▸ PROBLEM DETAILS: In the entries below, the lines from the one with "using assms(1,2) by" through the one with "n / g n \<le>" are to be copied exactly; both ends count.

[Stored data]

(* If $u,v:\mathbb{C}\to\mathbb{R}$ are harmonic and $f=u+iv$ is nonconstant, then $\mathcal{D}(f(\mathbb{C}))$ is a nonempty closed subset of $\partial\mathbb{D}$.
   Context: $\partial\mathbb{D}$ is the unit circle. For a set $\mathcal{R}\subset\mathbb{C}$, a point $e^{i\theta}\in\partial\mathbb{D}$ is an asymptotic direction of $\mathcal{R}$ if there exist points $w_n\in\mathcal{R}$ and positive numbers $\varepsilon_n\to 0$ with $\varepsilon_n w_n\to e^{i\theta}$; $\mathcal{D}(\mathcal{R})$ denotes the set of asymptotic directions of $\mathcal{R}$. *)

theory Defs
  imports "HOL-Analysis.Analysis"
begin

definition pdx :: "(complex \<Rightarrow> real) \<Rightarrow> complex \<Rightarrow> real" where
  "pdx u z = deriv (\<lambda>t::real. u (z + complex_of_real t)) 0"

definition pdy :: "(complex \<Rightarrow> real) \<Rightarrow> complex \<Rightarrow> real" where
  "pdy u z = deriv (\<lambda>t::real. u (z + \<i> * complex_of_real t)) 0"

definition has_partials :: "(complex \<Rightarrow> real) \<Rightarrow> bool" where
  "has_partials u \<longleftrightarrow>
     (\<forall>z. (\<lambda>t::real. u (z + complex_of_real t)) differentiable (at 0)
        \<and> (\<lambda>t::real. u (z + \<i> * complex_of_real t)) differentiable (at 0))"

definition harmonic :: "(complex \<Rightarrow> real) \<Rightarrow> bool" where
  "harmonic u \<longleftrightarrow>
     continuous_on UNIV u \<and>
     has_partials u \<and> has_partials (pdx u) \<and> has_partials (pdy u) \<and>
     continuous_on UNIV (pdx u) \<and> continuous_on UNIV (pdy u) \<and>
     continuous_on UNIV (pdx (pdx u)) \<and> continuous_on UNIV (pdy (pdx u)) \<and>
     continuous_on UNIV (pdx (pdy u)) \<and> continuous_on UNIV (pdy (pdy u)) \<and>
     (\<forall>z. pdx (pdx u) z + pdy (pdy u) z = 0)"

definition asym_dirs :: "complex set \<Rightarrow> complex set" where
  "asym_dirs R = {w. norm w = 1 \<and>
     (\<exists>(ws::nat \<Rightarrow> complex) (eps::nat \<Rightarrow> real).
        (\<forall>n. ws n \<in> R \<and> eps n > 0) \<and> eps \<longlonglongrightarrow> 0 \<and>
        (\<lambda>n. complex_of_real (eps n) * ws n) \<longlonglongrightarrow> w)}"

end

theory Submission
  imports Defs "HOL-Complex_Analysis.Complex_Analysis"
begin

text \<open>Compactness of the unit circle turns every unbounded set into one with an asymptotic
  direction, so it suffices that \<open>f(\<complex>)\<close> is unbounded. If it were bounded, \<open>u\<close> and \<open>v\<close>
  would be bounded harmonic functions, hence constant by Liouville's theorem for harmonic
  functions. That theorem is reduced to the holomorphic one: by Clairaut's theorem and the
  vanishing Laplacian, \<open>h = u\<^sub>x - i u\<^sub>y\<close> satisfies the Cauchy-Riemann equations, so it has a
  primitive \<open>G\<close> with \<open>Re G - u\<close> constant; then \<open>exp \<circ> G\<close> is a bounded entire function,
  hence constant, which forces \<open>h = 0\<close>.\<close>

lemma asym_dirs_subset_sphere: "asym_dirs R \<subseteq> sphere 0 1"
  unfolding asym_dirs_def by auto

lemma asym_dirs_iff:
  "w \<in> asym_dirs R \<longleftrightarrow> norm w = 1 \<and>
     (\<forall>d>0. \<exists>r\<in>R. \<exists>e. 0 < e \<and> e < d \<and> dist (complex_of_real e * r) w < d)"
proof
  assume "w \<in> asym_dirs R"
  then obtain ws eps where "norm w = 1" and ws: "\<And>n. ws n \<in> R \<and> eps n > 0"
    and eps: "eps \<longlonglongrightarrow> 0" and lim: "(\<lambda>n. complex_of_real (eps n) * ws n) \<longlonglongrightarrow> w"
    unfolding asym_dirs_def by blast
  moreover have "\<exists>r\<in>R. \<exists>e. 0 < e \<and> e < d \<and> dist (complex_of_real e * r) w < d"
    if "d > 0" for d
  proof -
    have "\<forall>\<^sub>F n in sequentially. eps n < d \<and> dist (complex_of_real (eps n) * ws n) w < d"
      using order_tendstoD(2)[OF eps that] tendstoD[OF lim that] by (rule eventually_conj)
    then obtain n where "eps n < d \<and> dist (complex_of_real (eps n) * ws n) w < d"
      by (auto simp: eventually_sequentially)
    then show ?thesis
      using ws by blast
  qed
  ultimately show "norm w = 1 \<and>
     (\<forall>d>0. \<exists>r\<in>R. \<exists>e. 0 < e \<and> e < d \<and> dist (complex_of_real e * r) w < d)"
    by blast
next
  assume w: "norm w = 1 \<and>
     (\<forall>d>0. \<exists>r\<in>R. \<exists>e. 0 < e \<and> e < d \<and> dist (complex_of_real e * r) w < d)"
  then have "\<forall>n. \<exists>r e. r \<in> R \<and> 0 < e \<and> e < inverse (Suc n) \<and>
        dist (complex_of_real e * r) w < inverse (Suc n)"
    by (metis inverse_positive_iff_positive of_nat_0_less_iff zero_less_Suc)
  then obtain ws eps where ws: "\<And>n. ws n \<in> R \<and> 0 < eps n \<and> eps n < inverse (Suc n) \<and>
        dist (complex_of_real (eps n) * ws n) w < inverse (Suc n)"
    by metis
  have "eps \<longlonglongrightarrow> 0"
    by (rule tendsto_sandwich[OF _ _ tendsto_const LIMSEQ_inverse_real_of_nat])
       (use ws in \<open>auto intro!: always_eventually intro: less_imp_le\<close>)
  moreover have "(\<lambda>n. dist (complex_of_real (eps n) * ws n) w) \<longlonglongrightarrow> 0"
    by (rule tendsto_sandwich[OF _ _ tendsto_const LIMSEQ_inverse_real_of_nat])
       (use ws in \<open>auto intro!: always_eventually intro: less_imp_le\<close>)
  ultimately show "w \<in> asym_dirs R"
    unfolding asym_dirs_def using w ws tendsto_dist_iff by blast
qed

lemma closed_asym_dirs: "closed (asym_dirs R)"
  unfolding closed_sequential_limits
proof (intro allI impI, elim conjE)
  fix x l
  assume x: "\<forall>n. x n \<in> asym_dirs R" and "x \<longlonglongrightarrow> l"
  have "(\<lambda>n. norm (x n)) \<longlonglongrightarrow> norm l"
    using \<open>x \<longlonglongrightarrow> l\<close> by (rule tendsto_norm)
  moreover have "(\<lambda>n. norm (x n)) = (\<lambda>n. 1)"
    using x asym_dirs_iff by blast
  ultimately have "norm l = 1"
    using LIMSEQ_unique tendsto_const by metis
  moreover have "\<exists>r\<in>R. \<exists>e. 0 < e \<and> e < d \<and> dist (complex_of_real e * r) l < d"
    if "d > 0" for d
  proof -
    have "d/2 > 0"
      using \<open>d > 0\<close> by simp
    from tendstoD[OF \<open>x \<longlonglongrightarrow> l\<close> this] obtain n where n: "dist (x n) l < d/2"
      by (auto simp: eventually_sequentially)
    obtain r e where "r \<in> R" "0 < e" "e < d/2" "dist (complex_of_real e * r) (x n) < d/2"
      using x asym_dirs_iff \<open>d/2 > 0\<close> by blast
    moreover have "dist (complex_of_real e * r) l < d"
      using dist_triangle[of "complex_of_real e * r" l "x n"] calculation(4) n by linarith
    ultimately show ?thesis
      by (intro bexI[of _ r] exI[of _ e]) auto
  qed
  ultimately show "l \<in> asym_dirs R"
    unfolding asym_dirs_iff by blast
qed
(* Let $(X,d)$ be an $F$-space with non-decreasing metric $d$ and let $\mathcal{E}(x)=\{e_n(x)\}_{n=0}^\infty$ be a scale on $X$. The following are equivalent: (i) there exists $\{\varepsilon_n\}\searrow0$ such that $e_n(x)=\mathbf{O}(\varepsilon_n)$ for all $x\in X$; (ii) there exist $\{\varepsilon_n\}\searrow0$, $C>0$ and $r_0>0$ such that $e_n(x)\le C\varepsilon_n$ for all $n\in\mathbb{N}$ and all $x\in B(0,r_0)$. Consequently, the scale $\mathcal{E}$ satisfies Shapiro's theorem on $X$ if and only if $$\inf_{n\in\mathbb{N}}\ \sup_{x\in B(0,r)\cap X_{\mathcal{E}}}e_n(x)>0\quad\text{for all } r>0.$$
   Context: An $F$-space is a complete metric vector space with translation-invariant metric $d$; $d$ is non-decreasing if $d(\alpha x,0)\le d(x,0)$ for $0\le\alpha\le1$. Write $\|x\|=d(x,0)$ and $B(0,r)=\{x:d(x,0)\le r\}$. A map $\mathcal{E}:X\to\ell^\infty$, $\mathcal{E}(x)=\{e_n(x)\}_{n=0}^\infty$ with each $e_n:X\to[0,\infty)$, is a scale on $X$ if: (i) there is $C_1>0$ with $C_1\|x\|\ge e_n(x)\ge e_{n+1}(x)$ for all $x,n$, and each $e_n$ is continuous; (ii) there exist a strictly increasing $K:\mathbb{N}\to\mathbb{N}$ and $C_2>0$ with $e_{K(n)}(x+y)\le C_2(e_n(x)+e_n(y))$ for all $x,y,n$; (iii) there is $\phi:[0,\infty)\to[0,\infty)$ with $e_n(\lambda x)\le\phi(|\lambda|)e_n(x)$ for all scalars $\lambda$, and $e_n(-x)=e_n(x)$. $X_{\mathcal{E}}=\{x\in X:\mathcal{E}(x)\in c_0\}$. The scale $\mathcal{E}$ satisfies Shapiro's theorem if for every non-increasing sequence $\{\varepsilon_n\}\in c_0$ of nonnegative reals there exists $x\in X_{\mathcal{E}}$ with $e_n(x)\neq\mathbf{O}(\varepsilon_n)$. The notation $\{\varepsilon_n\}\searrow0$ means a non-increasing sequence of nonnegative reals converging to $0$. *)

theory Defs
  imports "HOL-Analysis.Analysis" "HOL-Library.Landau_Symbols"
begin

text \<open>F-space over the reals: a real vector space with a translation-invariant
 metric d, for which scalar multiplication is (jointly, sequentially) continuous
 (continuity of addition follows from translation invariance), and which is complete.\<close>
definition F_space :: "('a::real_vector \<Rightarrow> 'a \<Rightarrow> real) \<Rightarrow> bool" where
  "F_space d \<longleftrightarrow>
     (\<forall>x y. d x y = 0 \<longleftrightarrow> x = y) \<and>
     (\<forall>x y. d x y = d y x) \<and>
     (\<forall>x y z. d x z \<le> d x y + d y z) \<and>
     (\<forall>x y z. d (x + z) (y + z) = d x y) \<and>
     (\<forall>(t::nat \<Rightarrow> real) c (s::nat \<Rightarrow> 'a) x.
        t \<longlonglongrightarrow> c \<longrightarrow> (\<lambda>k. d (s k) x) \<longlonglongrightarrow> 0 \<longrightarrow>
        (\<lambda>k. d (t k *\<^sub>R s k) (c *\<^sub>R x)) \<longlonglongrightarrow> 0) \<and>
     (\<forall>s::nat \<Rightarrow> 'a. (\<forall>\<epsilon>>0. \<exists>N. \<forall>m\<ge>N. \<forall>n\<ge>N. d (s m) (s n) < \<epsilon>) \<longrightarrow>
        (\<exists>x. (\<lambda>k. d (s k) x) \<longlonglongrightarrow> 0))"

definition nondecreasing_metric :: "('a::real_vector \<Rightarrow> 'a \<Rightarrow> real) \<Rightarrow> bool" where
  "nondecreasing_metric d \<longleftrightarrow>
     (\<forall>x (\<alpha>::real). 0 \<le> \<alpha> \<and> \<alpha> \<le> 1 \<longrightarrow> d (\<alpha> *\<^sub>R x) 0 \<le> d x 0)"

text \<open>A scale E = {e_n} on (X,d); e n x stands for e_n(x). Membership of E(x) in
 l-infinity is implied by condition (i).\<close>
definition is_scale :: "('a::real_vector \<Rightarrow> 'a \<Rightarrow> real) \<Rightarrow> (nat \<Rightarrow> 'a \<Rightarrow> real) \<Rightarrow> bool" where
  "is_scale d e \<longleftrightarrow>
     (\<forall>n x. 0 \<le> e n x) \<and>
     (\<exists>C1>0. \<forall>x n. e n x \<le> C1 * d x 0 \<and> e (Suc n) x \<le> e n x) \<and>
     (\<forall>n (s::nat \<Rightarrow> 'a) x. (\<lambda>k. d (s k) x) \<longlonglongrightarrow> 0 \<longrightarrow> (\<lambda>k. e n (s k)) \<longlonglongrightarrow> e n x) \<and>
     (\<exists>(K::nat \<Rightarrow> nat) C2. strict_mono K \<and> C2 > 0 \<and>
        (\<forall>x y n. e (K n) (x + y) \<le> C2 * (e n x + e n y))) \<and>
     (\<exists>\<phi>::real \<Rightarrow> real. (\<forall>t\<ge>0. \<phi> t \<ge> 0) \<and>
        (\<forall>n x (c::real). e n (c *\<^sub>R x) \<le> \<phi> \<bar>c\<bar> * e n x)) \<and>
     (\<forall>n x. e n (- x) = e n x)"

definition scale_space :: "(nat \<Rightarrow> 'a \<Rightarrow> real) \<Rightarrow> 'a set" where
  "scale_space e = {x. (\<lambda>n. e n x) \<longlonglongrightarrow> 0}"

definition decr_to_zero :: "(nat \<Rightarrow> real) \<Rightarrow> bool" where
  "decr_to_zero \<epsilon> \<longleftrightarrow> (\<forall>n. 0 \<le> \<epsilon> n) \<and> decseq \<epsilon> \<and> \<epsilon> \<longlonglongrightarrow> 0"

definition satisfies_Shapiro :: "(nat \<Rightarrow> 'a \<Rightarrow> real) \<Rightarrow> bool" where
  "satisfies_Shapiro e \<longleftrightarrow>
     (\<forall>\<epsilon>. decr_to_zero \<epsilon> \<longrightarrow> (\<exists>x\<in>scale_space e. (\<lambda>n. e n x) \<notin> O(\<epsilon>)))"

end

theory Submission
  imports Defs
begin

(*
  (i) implies (ii) by Baire's theorem: the closed sets F_k = {x. \<forall>n. e_n(x) \<le> k \<epsilon>_n} cover X,
  so some F_k contains a ball around a point x0. Since e_{K n}(x) \<le> C2 (e_n(x0 + x) + e_n(-x0)),
  every x near 0 then satisfies e_{K n}(x) \<le> 2 C2 k \<epsilon>_n, and monotonicity in n transfers this
  to all indices m through the largest n with K n \<le> m.
  (ii) implies (i) because every x has a small multiple c x near 0 and e_n(x) \<le> \<phi>(1/c) e_n(c x).
  The Shapiro criterion is the same argument inside the closed subspace X_E: if the infimum vanishes
  for some r, the suprema of e_n over B(0,r) \<inter> X_E form a sequence that dominates every x in X_E,
  and conversely a uniform bound near 0 forces the infimum to be 0.
*)

definition index_below :: "(nat \<Rightarrow> nat) \<Rightarrow> nat \<Rightarrow> nat" where
  "index_below K m = (if K 0 \<le> m then GREATEST n. K n \<le> m else 0)"

lemma index_below_le:
  assumes "strict_mono K" "K 0 \<le> m"
  shows "K (index_below K m) \<le> m"
proof -
  have "K n \<le> m \<Longrightarrow> n \<le> m" for n
    using seq_suble[OF assms(1), of n] by linarith
  then show ?thesis
    using GreatestI_nat[of "\<lambda>n. K n \<le> m" 0 m] assms(2) by (simp add: index_below_def)
qed

lemma le_index_below:
  assumes "strict_mono K" "K n \<le> m"
  shows "n \<le> index_below K m"
proof -
  have "K 0 \<le> m"
    using assms strict_mono_less_eq[OF assms(1), of 0 n] by simp
  moreover have "K n' \<le> m \<Longrightarrow> n' \<le> m" for n'
    using seq_suble[OF assms(1), of n'] by linarith
  ultimately show ?thesis
    using Greatest_le_nat[of "\<lambda>n. K n \<le> m" n m] assms(2) by (simp add: index_below_def)
qed

lemma index_below_eq_0: "m < K 0 \<Longrightarrow> index_below K m = 0"
  by (simp add: index_below_def)

lemma mono_index_below:
  assumes "strict_mono K"
  shows "mono (index_below K)"
proof (rule monoI)
  fix m m' :: nat
  assume "m \<le> m'"
  show "index_below K m \<le> index_below K m'"
  proof (cases "K 0 \<le> m")
    case True
    then show ?thesis
      using assms index_below_le le_index_below \<open>m \<le> m'\<close> order.trans by metis
  qed (simp add: index_below_eq_0)
qed

lemma filterlim_index_below:
  assumes "strict_mono K"
  shows "filterlim (index_below K) at_top sequentially"
  unfolding filterlim_at_top eventually_sequentially using le_index_below[OF assms] by blast

lemma decr_to_zero_comp:
  assumes "decr_to_zero \<epsilon>" "mono j" "filterlim j at_top sequentially"
  shows "decr_to_zero (\<epsilon> \<circ> j)"
proof -
  have "decseq (\<epsilon> \<circ> j)"
    using assms(1,2) by (simp add: decr_to_zero_def decseq_def monoD)
  moreover have "(\<epsilon> \<circ> j) \<longlonglongrightarrow> 0"
    using assms(1) filterlim_compose[OF _ assms(3)] by (auto simp: decr_to_zero_def o_def)
  ultimately show ?thesis
    using assms(1) by (simp add: decr_to_zero_def)
qed

lemma decr_to_zero_add_inverse:
  assumes "decr_to_zero \<epsilon>"
  shows "decr_to_zero (\<lambda>n. \<epsilon> n + inverse (real (Suc n)))"
proof -
  have "decseq (\<lambda>n. inverse (real (Suc n)))"
    by (rule decseq_SucI) (simp add: field_simps)
  then have "decseq (\<lambda>n. \<epsilon> n + inverse (real (Suc n)))"
    using assms by (simp add: decr_to_zero_def decseq_def add_mono)
  moreover have "(\<lambda>n. \<epsilon> n + inverse (real (Suc n))) \<longlonglongrightarrow> 0 + 0"
    using assms LIMSEQ_inverse_real_of_nat by (intro tendsto_add) (auto simp: decr_to_zero_def)
  ultimately show ?thesis
    using assms by (simp add: decr_to_zero_def)
qed

lemma bigo_imp_le_mult:
  fixes f g :: "nat \<Rightarrow> real"
  assumes "f \<in> O(g)" "\<And>n. g n > 0"
  shows "\<exists>c. \<forall>n. f n \<le> c * g n"
proof -
  obtain c where c: "c > 0" "eventually (\<lambda>n. norm (f n) \<le> c * norm (g n)) at_top"
    using assms(1) by (rule landau_o.bigE)
  then obtain N where "\<And>n. n \<ge> N \<Longrightarrow> norm (f n) \<le> c * norm (g n)"
    unfolding eventually_at_top_linorder by blast
  then have N: "f n \<le> c * g n" if "n \<ge> N" for n
    using that assms(2)[of n] abs_ge_self[of "f n"] by fastforce
  define c' where "c' = max c (Max ((\<lambda>n. f n / g n) ` {..<N}))"
  have "f n \<le> c' * g n" for n
  proof (cases "n < N")
    case True
    then have "f n / g n \<le> c'"
      unfolding c'_def by (intro max.coboundedI2 Max_ge) auto
    then show ?thesis
      using assms(2)[of n] by (simp add: divide_le_eq)
  next
    case False
    then have "f n \<le> c * g n" by (simp add: N)
    also have "\<dots> \<le> c' * g n"
      using assms(2)[of n] by (intro mult_right_mono) (auto simp: c'_def)
    finally show ?thesis .
  qed
  then show ?thesis by blast
qed

locale F_space_scale =
  fixes d :: "'a::real_vector \<Rightarrow> 'a \<Rightarrow> real" and e :: "nat \<Rightarrow> 'a \<Rightarrow> real"
    and K :: "nat \<Rightarrow> nat" and C1 C2 :: real and \<phi> :: "real \<Rightarrow> real"
  assumes F_space: "F_space d"
    and e_nonneg: "\<And>n x. 0 \<le> e n x"
    and C1_pos: "C1 > 0"
    and e_le_C1: "\<And>n x. e n x \<le> C1 * d x 0"
    and e_Suc_le: "\<And>n x. e (Suc n) x \<le> e n x"
    and e_continuous: "\<And>n s x. (\<lambda>k. d (s k) x) \<longlonglongrightarrow> 0 \<Longrightarrow> (\<lambda>k. e n (s k)) \<longlonglongrightarrow> e n x"
    and strict_mono_K: "strict_mono K"
    and C2_pos: "C2 > 0"
    and e_K_add: "\<And>n x y. e (K n) (x + y) \<le> C2 * (e n x + e n y)"
    and phi_nonneg: "\<And>t. t \<ge> 0 \<Longrightarrow> \<phi> t \<ge> 0"
    and e_scaleR_le: "\<And>n c x. e n (c *\<^sub>R x) \<le> \<phi> \<bar>c\<bar> * e n x"
    and e_uminus: "\<And>n x. e n (- x) = e n x"

lemma F_space_scale_if_is_scale:
  assumes "F_space d" "is_scale d e"
  obtains K C1 C2 \<phi> where "F_space_scale d e K C1 C2 \<phi>"
proof -
  obtain C1 K C2 \<phi> where
    "\<forall>n x. 0 \<le> e n x" "C1 > 0" "\<forall>x n. e n x \<le> C1 * d x 0 \<and> e (Suc n) x \<le> e n x"
    "\<forall>n s x. (\<lambda>k. d (s k) x) \<longlonglongrightarrow> 0 \<longrightarrow> (\<lambda>k. e n (s k)) \<longlonglongrightarrow> e n x"
    "strict_mono K" "C2 > 0" "\<forall>x y n. e (K n) (x + y) \<le> C2 * (e n x + e n y)"
    "\<forall>t\<ge>0. \<phi> t \<ge> 0" "\<forall>n x c. e n (c *\<^sub>R x) \<le> \<phi> \<bar>c\<bar> * e n x" "\<forall>n x. e n (- x) = e n x"
    using assms(2) unfolding is_scale_def by blast
  with assms(1) have "F_space_scale d e K C1 C2 \<phi>"
    by unfold_locales auto
  then show thesis
    by (rule that)
qed

context F_space_scale
begin

lemma d_eq_0_iff: "d x y = 0 \<longleftrightarrow> x = y"
  and d_commute: "d x y = d y x"
  and d_triangle: "d x z \<le> d x y + d y z"
  and d_add_right: "d (x + z) (y + z) = d x y"
  using F_space unfolding F_space_def by blast+

lemma d_scaleR_tendsto:
  "t \<longlonglongrightarrow> c \<Longrightarrow> (\<lambda>k. d (s k) x) \<longlonglongrightarrow> 0 \<Longrightarrow> (\<lambda>k. d (t k *\<^sub>R s k) (c *\<^sub>R x)) \<longlonglongrightarrow> 0"
  using F_space unfolding F_space_def by blast

lemma d_Cauchy_convergent:
  "\<forall>\<epsilon>>0. \<exists>N. \<forall>m\<ge>N. \<forall>n\<ge>N. d (s m) (s n) < \<epsilon> \<Longrightarrow> \<exists>x. (\<lambda>k. d (s k) x) \<longlonglongrightarrow> 0"
  using F_space unfolding F_space_def by blast

lemma d_self [simp]: "d x x = 0"
  by (simp add: d_eq_0_iff)

lemma d_nonneg: "0 \<le> d x y"
proof -
  have "0 \<le> d x y + d y x"
    using d_triangle[of x x y] by simp
  then show ?thesis
    using d_commute[of x y] by linarith
qed

lemma d_diff: "d x y = d (x - y) 0"
  using d_add_right[of x "-y" y] by simp

sublocale Metric_space UNIV d
  by unfold_locales (auto simp: d_nonneg d_commute d_eq_0_iff intro: d_triangle)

▸ RESULT OF THIS TASK:
    using assms(1,2) by (simp add: decr_to_zero_def decseq_def monoD)
  moreover have "(\<epsilon> \<circ> j) \<longlonglongrightarrow> 0"
    using assms(1) filterlim_compose[OF _ assms(3)] by (auto simp: decr_to_zero_def o_def)
  ultimately show ?thesis
    using assms(1) by (simp add: decr_to_zero_def)
qed

lemma decr_to_zero_add_inverse:
  assumes "decr_to_zero \<epsilon>"
  shows "decr_to_zero (\<lambda>n. \<epsilon> n + inverse (real (Suc n)))"
proof -
  have "decseq (\<lambda>n. inverse (real (Suc n)))"
    by (rule decseq_SucI) (simp add: field_simps)
  then have "decseq (\<lambda>n. \<epsilon> n + inverse (real (Suc n)))"
    using assms by (simp add: decr_to_zero_def decseq_def add_mono)
  moreover have "(\<lambda>n. \<epsilon> n + inverse (real (Suc n))) \<longlonglongrightarrow> 0 + 0"
    using assms LIMSEQ_inverse_real_of_nat by (intro tendsto_add) (auto simp: decr_to_zero_def)
  ultimately show ?thesis
    using assms by (simp add: decr_to_zero_def)
qed

lemma bigo_imp_le_mult:
  fixes f g :: "nat \<Rightarrow> real"
  assumes "f \<in> O(g)" "\<And>n. g n > 0"
  shows "\<exists>c. \<forall>n. f n \<le> c * g n"
proof -
  obtain c where c: "c > 0" "eventually (\<lambda>n. norm (f n) \<le> c * norm (g n)) at_top"
    using assms(1) by (rule landau_o.bigE)
  then obtain N where "\<And>n. n \<ge> N \<Longrightarrow> norm (f n) \<le> c * norm (g n)"
    unfolding eventually_at_top_linorder by blast
  then have N: "f n \<le> c * g n" if "n \<ge> N" for n
    using that assms(2)[of n] abs_ge_self[of "f n"] by fastforce
  define c' where "c' = max c (Max ((\<lambda>n. f n / g n) ` {..<N}))"
  have "f n \<le> c' * g n" for n
  proof (cases "n < N")
    case True
    then have "f n / g n \<le> c'"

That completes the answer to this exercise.